With most U.S.-based exploration and production (E&P) companies weighted 70% or more to natural gas, “taking advantage of pricing disparity toward natural gas liquids [NGL] continues to lead E&Ps to process more of their gas,” Madison Williams & Co. analyst Andrew Coleman said Friday.
“Every day is a day closer to gas rebalancing,” said Coleman, who took over as senior E&P research analyst for the private investment firm in May. “Some two years on from gas prices peaking, we are still watching for production to roll over. Rig counts aren’t helping, as management teams continue to drill to hold acreage. But given the growth of the NGL market, allocation of horizontal rigs to oil plays, a falling forward curve, and depressingly negative sentiment, maybe this time it will occur.”
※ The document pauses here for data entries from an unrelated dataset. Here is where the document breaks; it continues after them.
lemma canonical_transform_mult_A:
  assumes i: "Suc i < n" and x: "x \<in> carrier_vec n"
  shows "(canonical_transform (k + 1) *\<^sub>v (A k *\<^sub>v x)) $ i = (canonical_transform k *\<^sub>v x) $ Suc i"
proof -
  have "transition (k + 1) i *\<^sub>v (A k *\<^sub>v x) = transition k (Suc i) *\<^sub>v x"
    unfolding transition_Suc_right using x
    by (simp add: assoc_mult_mat_vec[of _ n n _ n] del: transition.simps)
  moreover have "A k *\<^sub>v x \<in> carrier_vec n"
    using x by (rule mult_mat_vec_carrier[OF A_carrier])
  ultimately show ?thesis
    using canonical_transform_mult_vec[of i "A k *\<^sub>v x" "k + 1"]
      canonical_transform_mult_vec[of "Suc i" x k] i x
    by (simp add: add.assoc del: transition.simps)
qed

lemma canonical_transform_mult_reach_mat:
  assumes "j \<le> l" "l < n"
  shows "(canonical_transform k * reach_mat (k - int n) n) $$ (j, l) = (if j = l then 1 else 0)"
  using canonical_transform_mult_vec[of j "col (reach_mat (k - int n) n) l" k]
    transition_mult_col_reach_mat[of j l k] Ri_mult_col_reach_mat[of "l - j" "k + int j"] assms
  by auto

lemma det_canonical_transform: "det (canonical_transform k) \<noteq> 0"
proof -
  let ?L = "canonical_transform k * reach_mat (k - int n) n"
  have L: "?L \<in> carrier_mat n n" by (rule mult_carrier_mat[of _ n n]) simp_all
  have "det ?L = prod_list (diag_mat ?L)"
    using L canonical_transform_mult_reach_mat by (intro det_lower_triangular) auto
  also have "diag_mat ?L = map (\<lambda>_. 1) [0..<n]"
    using canonical_transform_mult_reach_mat by (auto simp: diag_mat_def intro!: map_cong)
  finally show ?thesis by (auto simp: det_mult[of _ n] map_replicate_const)
qed

lemma controller_canonical_canonical_transform:
  assumes Ti: "\<And>k. Ti k \<in> carrier_mat n n" "\<And>k. canonical_transform k * Ti k = 1\<^sub>m n"
  shows "controller_canonical n
    (\<lambda>k. canonical_transform (k + 1) * A k * Ti k) (\<lambda>k. canonical_transform (k + 1) * b k)"
  unfolding controller_canonical_def
proof (intro allI conjI impI)
  fix k i assume "i < n"
  then show "(canonical_transform (k + 1) * b k) $$ (i, 0) = (if i = n - 1 then 1 else 0)"
    by (rule canonical_transform_mult_b)
next
  fix k i j assume i: "i < n - 1" and j: "j < n"
  have col_j: "col (Ti k) j \<in> carrier_vec n"
    using Ti(1)[of k] j by (simp add: carrier_vecI)
  have "(canonical_transform (k + 1) * A k * Ti k) $$ (i, j)
      = (canonical_transform (k + 1) *\<^sub>v (A k *\<^sub>v col (Ti k) j)) $ i"
    using i j Ti(1)[of k]
    by (simp add: assoc_mult_mat[of _ n n _ n _ n] col_mult2[of "A k" n n "Ti k" n j])
  also have "\<dots> = (canonical_transform k *\<^sub>v col (Ti k) j) $ Suc i"
    using i col_j by (intro canonical_transform_mult_A) simp_all
  also have "\<dots> = (canonical_transform k * Ti k) $$ (Suc i, j)"
    using i j Ti(1)[of k] by simp
  finally show "(canonical_transform (k + 1) * A k * Ti k) $$ (i, j) = (if j = i + 1 then 1 else 0)"
    using i j Ti(2) by simp
qed

end

lemma controllable_imp_similar_canonical:
  assumes "completely_controllable n A b"
  obtains T Ti where "\<And>k. T k * Ti k = 1\<^sub>m n" "\<And>k. Ti k * T k = 1\<^sub>m n"
    "\<And>k. T k \<in> carrier_mat n n" "\<And>k. Ti k \<in> carrier_mat n n"
    "controller_canonical n (\<lambda>k. T (k + 1) * A k * Ti k) (\<lambda>k. T (k + 1) * b k)"
proof -
  have "\<forall>m. \<exists>R \<in> carrier_mat n n. R * reach_mat (m - int n) n = 1\<^sub>m n"
    using controllable_imp_reach_mat_left_invertible[OF assms] by blast
  then obtain Ri where Ri: "\<And>m. Ri m \<in> carrier_mat n n" "\<And>m. Ri m * reach_mat (m - int n) n = 1\<^sub>m n"
    by metis
  have "\<forall>k. \<exists>X \<in> carrier_mat n n.
      canonical_transform Ri k * X = 1\<^sub>m n \<and> X * canonical_transform Ri k = 1\<^sub>m n"
    using det_non_zero_imp_unit[OF canonical_transform_carrier[OF Ri] det_canonical_transform[OF Ri],
        of _ undefined]
    unfolding Units_def ring_mat_def by auto
  then obtain Ti where Ti: "\<And>k. Ti k \<in> carrier_mat n n"
      "\<And>k. canonical_transform Ri k * Ti k = 1\<^sub>m n" "\<And>k. Ti k * canonical_transform Ri k = 1\<^sub>m n"
    by metis
  show ?thesis
    by (rule that[OF Ti(2) Ti(3) canonical_transform_carrier[OF Ri] Ti(1)
          controller_canonical_canonical_transform[OF Ri Ti(1) Ti(2)]])
qed

lemma controller_canonical_step:
  assumes canon: "controller_canonical n A b" and i: "i < n" and x: "x \<in> carrier_vec n"
  shows "(A k *\<^sub>v x + v \<cdot>\<^sub>v col (b k) 0) $ i
    = (if i = n - 1 then row (A k) (n - 1) \<bullet> x + v else x $ Suc i)"
proof (cases "i = n - 1")
  case True
  with canon i x show ?thesis by (simp add: controller_canonical_def)
next
  case False
  with i have i': "i < n - 1" by simp
  have "row (A k) i \<bullet> x = (\<Sum>t\<in>{0..<n}. (if t = Suc i then 1 else 0) * x $ t)"
    using canon i' x unfolding controller_canonical_def scalar_prod_def by (auto intro!: sum.cong)
  also have "\<dots> = (\<Sum>t\<in>{0..<n}. if t = Suc i then x $ t else 0)"
    by (intro sum.cong) auto
  also have "\<dots> = x $ Suc i" using i' by simp
  finally show ?thesis
    using canon i' x unfolding controller_canonical_def by simp
qed

lemma controller_canonical_shift:
  assumes canon: "controller_canonical n A b" and xs: "xs \<in> carrier_vec n" and "j \<le> n"
  shows "\<exists>u. \<forall>i<n. state A b k xs u j $ i = (if i + j < n then xs $ (i + j) else w $ (i + j - n))"
  using \<open>j \<le> n\<close>
proof (induction j)
  case (Suc j)
  then obtain u where u: "\<forall>i<n. state A b k xs u j $ i = (if i + j < n then xs $ (i + j) else w $ (i + j - n))"
    by auto
  let ?x = "state A b k xs u j" and ?m = "k + int j"
  define v where "v = u(?m := w $ j - row (A ?m) (n - 1) \<bullet> ?x)"
  have "state A b k xs v j = ?x"
    by (rule state_cong) (simp add: v_def)
  then have step: "state A b k xs v (Suc j) = A ?m *\<^sub>v ?x + v ?m \<cdot>\<^sub>v col (b ?m) 0"
    by simp
  have x: "?x \<in> carrier_vec n" using state_carrier[OF xs] .
  have "state A b k xs v (Suc j) $ i = (if i + Suc j < n then xs $ (i + Suc j) else w $ (i + Suc j - n))"
    if i: "i < n" for i
    unfolding step controller_canonical_step[OF canon i x]
    using u i Suc.prems by (auto simp: v_def)
  then show ?case by blast
qed simp

lemma controller_canonical_imp_controllable:
  assumes "controller_canonical n A b"
  shows "completely_controllable n A b"
  unfolding completely_controllable_def
proof (intro allI ballI)
  fix k and xs w :: "real vec"
  assume xs: "xs \<in> carrier_vec n" and w: "w \<in> carrier_vec n"
  obtain u where "\<forall>i<n. state A b k xs u n $ i = w $ i"
    using controller_canonical_shift[OF assms xs, of n k w] by auto
  then have "state A b k xs u n = w"
    using state_carrier[OF xs] w by (intro eq_vecI) auto
  then show "\<exists>u. state A b k xs u n = w" by blast
qed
Gas storage has put a floor on gas prices in the short term, he noted.
“Entering the shoulder season, gas storage looks tight in the western U.S. Still, the West accounts for only about 15% of total storage volumes. While the early part of the summer was warmer-than-normal — outside of a few states along the Gulf Coast — on a degree day basis, the country has trended at near-normal levels. So with gas storage not expected to test the limits of storage, we feel the bottom of gas pricing has firmed.”
The gas rig count “likely” peaked in August at around 1,650 rigs (55% horizontal and 40% oil), he said. “Ongoing backlog issues associated with access to stimulation equipment may ultimately limit how quickly this new production gets to market in some basins. Footage drilled, which we feel is a better normalized predictor of industry activity, is also rising.”
Today “feels like a repeat of rig activity between 1982 and 1986,” said the analyst. “Fortunately, higher underlying declines in North American basins (e.g., shales) may prove to be enough of a great equalizer for supply side-questions. If not, at some point over the next 12 to 24 months — without a pronounced supply decline or a pick-up in demand — it could get ugly.”
At $4/MMBtu gas prices, “many plays” generate internal rates of return (IRRs) under 40% before tax (under 25% after tax) even though finding and development costs remain attractive, which highlights “the disconnect between cash returns and accounting metrics. Delays in stimulating wells would also affect IRRs. Once key shale acreage has been held by production, drilling programs are expected to slow, but that might not occur until 2011 at the earliest.”
If ethane rejection dampens enthusiasm in the natural gas liquids market (see related story), “producers might cut back,” said Coleman. “Some 24 months after commodity prices peaked in July 2008, gas investors are still waiting for a sign that reported declines are meaningful and occurring.”